State Correlation with Control Preference.

We defined the control preference as the difference between the information flow from ROI to movement and from ROI to HR: $C{P}_i=I_{i\to \mathit{move}}-I_{i\to HR}$. To test the dependence of control preference on brain state, using each ROI as a sample, we performed a weighted linear regression with the weight as $1/{\widehat{\sigma }}_{s{s}_i}^2$ (a similar result was obtained with ordinary least squares).
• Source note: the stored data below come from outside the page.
(* For every $D>0$ there exists $\delta=\delta(D)>0$ such that the following holds. For any integers $K,N\geq 8$ and any measurable quasi-periodic function $G$ on $\mathbb{R}^2$ with $|G|\geq D$ almost everywhere, there exists a measurable set $S\subseteq[0,1]^2$ of Lebesgue measure at least $1/(NK)$ such that every $(x,y)\in S$ satisfies $$|G(x+1/K,y)-G(x,y)|\geq\delta\quad\text{or}\quad |G(x,y+1/N)-G(x,y)|\geq\delta.$$
   Context: A function $G$ on $\mathbb{R}^2$ is quasi-periodic if $G(x,y+1)=G(x,y)$ and $G(x+1,y)=e^{2\pi i y}G(x,y)$ for all $(x,y)\in\mathbb{R}^2$. *)

theory Defs
  imports "HOL-Analysis.Analysis"
begin

definition quasi_periodic :: "(real \<times> real \<Rightarrow> complex) \<Rightarrow> bool" where
  "quasi_periodic G \<longleftrightarrow>
     (\<forall>x y. G (x, y + 1) = G (x, y) \<and>
            G (x + 1, y) = exp (2 * pi * \<i> * complex_of_real y) * G (x, y))"

end

theory Submission
  imports Defs
begin

(* Proof idea (a discrete winding-number argument).
   Sample a quasi-periodic G on the grid (x + j/K, y + k/N), 0 <= j <= K, 0 <= k <= N.
   If G is large there and no sample lies in the jump set, i.e. G never jumps by D/2 along
   a grid edge, then every edge ratio has argument in [-pi/4, pi/4]; these arguments add up
   around each grid square (plaquette_Arg), so the row sums of the horizontal phase
   increments change from row k to row k+1 by exactly the twist 2 pi/N picked up at x + 1
   (discrete_winding_vanishes).  Periodicity in y forces the total change 2 pi to vanish,
   a contradiction (twisted_grid_turns, grid_meets_jump_set).
   Hence for almost every q in the small box Q = (0,1/K) x (0,1/N) one of the K N grid
   translates of q lies in the jump set restricted to the unit square.  Since the grid
   translates of Q are disjoint, the jump set has measure at least |Q| = 1/(N K)
   (grid_shift_into_jump_set, measure_le_of_translates_cover, jump_set_measure_bound);
   lemma3 follows with delta = D/2. *)

lemma Arg_div_small:
  fixes a b :: complex
  assumes "a \<noteq> 0" and "norm (b - a) < norm a / 2"
  shows "\<bar>Arg (b / a)\<bar> \<le> pi / 4"
proof -
  define z where "z = b / a"
  have "z - 1 = (b - a) / a"
    using assms(1) by (simp add: z_def diff_divide_distrib)
  then have "norm (z - 1) = norm (b - a) / norm a"
    by (simp add: norm_divide)
  with assms have "norm (z - 1) < 1 / 2"
    by (simp add: divide_less_eq mult.commute)
  then have re: "Re z > 1 / 2" and im: "\<bar>Im z\<bar> < 1 / 2"
    using abs_Re_le_cmod[of "z - 1"] abs_Im_le_cmod[of "z - 1"] by auto
  then have "\<bar>Im z / Re z\<bar> \<le> 1"
    by (simp add: abs_divide divide_le_eq_1)
  then have "\<bar>arctan (Im z / Re z)\<bar> \<le> arctan 1"
    by (metis abs_ge_minus_self abs_le_iff arctan_le_iff arctan_minus)
  moreover have "Arg z = arctan (Im z / Re z)"
    using re by (intro arg_conv_arctan) simp
  ultimately show ?thesis
    by (simp add: z_def arctan_one)
qed

lemma Arg_cis_times:
  assumes "z \<noteq> 0" and "\<bar>t\<bar> < pi" and "\<bar>Arg z + t\<bar> < pi"
  shows "Arg (cis t * z) = Arg z + t"
proof -
  have "Arg (cis t) = t"
    using assms(2) by (intro Arg_cis) auto
  with assms show ?thesis
    by (subst Arg_times) (auto simp: abs_less_iff)
qed

(* Phases add along the two paths a-b-c and a-d-c around a square when no wrap-around
   occurs: both sums equal Arg (c / a). *)
lemma plaquette_Arg:
  fixes a b c d :: complex
  assumes "a \<noteq> 0" "b \<noteq> 0" "c \<noteq> 0" "d \<noteq> 0"
    and "\<bar>Arg (b / a)\<bar> + \<bar>Arg (c / b)\<bar> < pi" and "\<bar>Arg (d / a)\<bar> + \<bar>Arg (c / d)\<bar> < pi"
  shows "Arg (b / a) + Arg (c / b) = Arg (d / a) + Arg (c / d)"
proof -
  have "Arg (c / a) = Arg ((b / a) * (c / b))" "Arg (c / a) = Arg ((d / a) * (c / d))"
    using assms(2,4) by simp_all
  moreover have "Arg ((b / a) * (c / b)) = Arg (b / a) + Arg (c / b)"
    using assms(1-3,5) by (intro Arg_times) auto
  moreover have "Arg ((d / a) * (c / d)) = Arg (d / a) + Arg (c / d)"
    using assms(1,3,4,6) by (intro Arg_times) auto
  ultimately show ?thesis by simp
qed

lemma Arg_ratio_twist:
  fixes p q :: complex and s t :: real
  assumes "p \<noteq> 0" "q \<noteq> 0" "\<bar>Arg (q / p)\<bar> \<le> pi / 4" "0 \<le> t" "t \<le> pi / 4"
  shows "Arg ((cis (s + t) * q) / (cis s * p)) = Arg (q / p) + t"
proof -
  have "(cis (s + t) * q) / (cis s * p) = cis t * (q / p)"
    by (simp add: cis_mult [symmetric] cis_divide field_simps)
  moreover have "Arg (cis t * (q / p)) = Arg (q / p) + t"
  proof (rule Arg_cis_times)
    show "q / p \<noteq> 0"
      using assms(1,2) by simp
    show "\<bar>t\<bar> < pi" "\<bar>Arg (q / p) + t\<bar> < pi"
      using assms(3-5) pi_gt_zero by arith+
  qed
  ultimately show ?thesis by simp
qed

(* Discrete Stokes: a closed 1-form on the K x N grid, periodic in the second index and
   twisted by tau between the first and the last column, has N * tau = 0. *)
lemma discrete_winding_vanishes:
  fixes h v :: "nat \<Rightarrow> nat \<Rightarrow> real" and K N :: nat and \<tau> :: real
  assumes closed: "\<And>j k. j < K \<Longrightarrow> k < N \<Longrightarrow> h j k + v (Suc j) k = v j k + h j (Suc k)"
    and twist: "\<And>k. k < N \<Longrightarrow> v K k = v 0 k + \<tau>"
    and per: "\<And>j. j < K \<Longrightarrow> h j N = h j 0"
  shows "real N * \<tau> = 0"
proof -
  define A where "A k = (\<Sum>j<K. h j k)" for k
  have A_step: "A (Suc k) = A k + \<tau>" if "k < N" for k
  proof -
    have "A (Suc k) - A k = (\<Sum>j<K. v (Suc j) k - v j k)"
      unfolding A_def sum_subtractf[symmetric]
    proof (rule sum.cong)
      show "h j (Suc k) - h j k = v (Suc j) k - v j k" if "j \<in> {..<K}" for j
        using closed[of j k] that \<open>k < N\<close> by simp
    qed simp
    also have "\<dots> = v K k - v 0 k"
      by (rule sum_lessThan_telescope)
    finally show ?thesis
      using twist[OF that] by simp
  qed
  have A_lin: "A k = A 0 + real k * \<tau>" if "k \<le> N" for k
    using that
  proof (induction k)
    case (Suc k)
    then show ?case
      using A_step[of k] by (simp add: algebra_simps)
  qed simp
  have "A N = A 0"
    unfolding A_def using per by simp
  then show ?thesis
    using A_lin[of N] by simp
qed

lemma twisted_grid_boundary:
  fixes g :: "nat \<Rightarrow> nat \<Rightarrow> complex" and K N :: nat and c :: real
  assumes "N \<ge> 1" and "K \<ge> 1"
    and nz: "\<And>j k. j < K \<Longrightarrow> k < N \<Longrightarrow> g j k \<noteq> 0"
    and hor: "\<And>j k. j < K \<Longrightarrow> k < N \<Longrightarrow> \<bar>Arg (g (Suc j) k / g j k)\<bar> \<le> pi / 4"
    and per: "\<And>j. g j N = g j 0"
    and tw: "\<And>k. g K k = cis (c + 2 * pi * k / N) * g 0 k"
  shows "\<And>j k. j \<le> K \<Longrightarrow> k \<le> N \<Longrightarrow> g j k \<noteq> 0"
    and "\<And>j. j < K \<Longrightarrow> \<bar>Arg (g (Suc j) N / g j N)\<bar> \<le> pi / 4"
proof -
  have nz_col: "g j k \<noteq> 0" if "j < K" "k \<le> N" for j k
    using nz[of j k] nz[of j 0] per[of j] that assms(1) by (cases "k = N") auto
  show "g j k \<noteq> 0" if "j \<le> K" "k \<le> N" for j k
    using nz_col[of j k] nz_col[of 0 k] tw[of k] that assms(2) by (cases "j = K") auto
  show "\<bar>Arg (g (Suc j) N / g j N)\<bar> \<le> pi / 4" if "j < K" for j
    using hor[of j 0] per[of j] per[of "Suc j"] that assms(1) by simp
qed

lemma twisted_grid_turns:
  fixes g :: "nat \<Rightarrow> nat \<Rightarrow> complex" and K N :: nat and c :: real
  assumes N8: "N \<ge> 8" and K1: "K \<ge> 1"
    and nz: "\<And>j k. j < K \<Longrightarrow> k < N \<Longrightarrow> g j k \<noteq> 0"
    and hor: "\<And>j k. j < K \<Longrightarrow> k < N \<Longrightarrow> \<bar>Arg (g (Suc j) k / g j k)\<bar> \<le> pi / 4"
    and ver: "\<And>j k. j < K \<Longrightarrow> k < N \<Longrightarrow> \<bar>Arg (g j (Suc k) / g j k)\<bar> \<le> pi / 4"
    and per: "\<And>j. g j N = g j 0"
    and tw: "\<And>k. g K k = cis (c + 2 * pi * k / N) * g 0 k"
  shows False
proof -
  define h where "h j k = Arg (g (Suc j) k / g j k)" for j k
  define v where "v j k = Arg (g j (Suc k) / g j k)" for j k
  have N_pos: "real N > 0" and step_pos: "2 * pi / N > 0" and step_small: "2 * pi / N \<le> pi / 4"
    using N8 pi_gt_zero by (auto simp: field_simps)
  have nz_grid: "\<And>j k. j \<le> K \<Longrightarrow> k \<le> N \<Longrightarrow> g j k \<noteq> 0"
    and h_top: "\<And>j. j < K \<Longrightarrow> \<bar>Arg (g (Suc j) N / g j N)\<bar> \<le> pi / 4"
    using twisted_grid_boundary[OF _ K1 nz hor per tw] N8 by auto
  have h_small: "\<bar>h j k\<bar> \<le> pi / 4" if "j < K" "k \<le> N" for j k
    using h_top[of j] hor[of j k] that unfolding h_def by (cases "k = N") auto
  have v_twist: "v K k = v 0 k + 2 * pi / N" if "k < N" for k
  proof -
    have "c + 2 * pi * Suc k / N = (c + 2 * pi * k / N) + 2 * pi / N"
      by (simp add: add_divide_distrib algebra_simps)
    then have "v K k = Arg ((cis ((c + 2 * pi * k / N) + 2 * pi / N) * g 0 (Suc k))
                          / (cis (c + 2 * pi * k / N) * g 0 k))"
      unfolding v_def tw by (simp add: add.assoc)
    also have "\<dots> = v 0 k + 2 * pi / N"
      unfolding v_def using nz_grid[of 0 k] nz_grid[of 0 "Suc k"] ver[of 0 k] K1 that
      by (intro Arg_ratio_twist) (use step_pos step_small in auto)
    finally show ?thesis .
  qed
  have v_small: "\<bar>v j k\<bar> \<le> pi / 2" if "j \<le> K" "k < N" for j k
  proof (cases "j = K")
    case True
    have "\<bar>v 0 k\<bar> \<le> pi / 4"
      using ver[of 0 k] K1 that unfolding v_def by simp
    then have "\<bar>v K k\<bar> \<le> pi / 2"
      using v_twist[OF that(2)] step_small step_pos by arith
    then show ?thesis
      using True by simp
  next
    case False
    then show ?thesis
      using ver[of j k] that pi_gt_zero unfolding v_def by simp
  qed
  have closed: "h j k + v (Suc j) k = v j k + h j (Suc k)" if "j < K" "k < N" for j k
    unfolding h_def v_def
  proof (rule plaquette_Arg)
    have "\<bar>h j k\<bar> \<le> pi / 4" "\<bar>v (Suc j) k\<bar> \<le> pi / 2"
      using h_small v_small that by simp_all
    then show "\<bar>Arg (g (Suc j) k / g j k)\<bar> + \<bar>Arg (g (Suc j) (Suc k) / g (Suc j) k)\<bar> < pi"
      using pi_gt_zero unfolding h_def v_def by linarith
    have "\<bar>v j k\<bar> \<le> pi / 2" "\<bar>h j (Suc k)\<bar> \<le> pi / 4"
      using h_small v_small that by simp_all
    then show "\<bar>Arg (g j (Suc k) / g j k)\<bar> + \<bar>Arg (g (Suc j) (Suc k) / g j (Suc k))\<bar> < pi"
      using pi_gt_zero unfolding h_def v_def by linarith
  qed (use nz_grid that in auto)
  have "real N * (2 * pi / N) = 0"
  proof (rule discrete_winding_vanishes[of K N h v])
    show "h j N = h j 0" for j
      unfolding h_def per ..
  qed (use closed v_twist in auto)
  then show False
    using N_pos by simp
qed

lemma quasi_periodicD:
  assumes "quasi_periodic G"
  shows "G (x, y + 1) = G (x, y)" and "G (x + 1, y) = cis (2 * pi * y) * G (x, y)"
proof -
  have "exp (2 * pi * \<i> * complex_of_real y) = cis (2 * pi * y)"
    by (simp add: cis_conv_exp mult_ac)
  then show "G (x, y + 1) = G (x, y)" "G (x + 1, y) = cis (2 * pi * y) * G (x, y)"
    using assms unfolding quasi_periodic_def by simp_all
qed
The criterion for statistical significance was set at $\alpha =0.05$.

PSD.

To estimate the temporal profile of the alternation between the two groups of states, we converted the sequence of brain states into a binary sequence with states 1 and 2 labeled 1 and states 3 and 4 labeled 0. We used the chronux routine mtspectrumc_unequal_length_trials to estimate the PSD and the 95% CI of the PSD with taper TW = 10.5 and K = 20.

Data, Materials, and Software Availability

Data are available from the Dryad Digital Repository (DOI: 10.5061/dryad.jwstqjq9x) (109).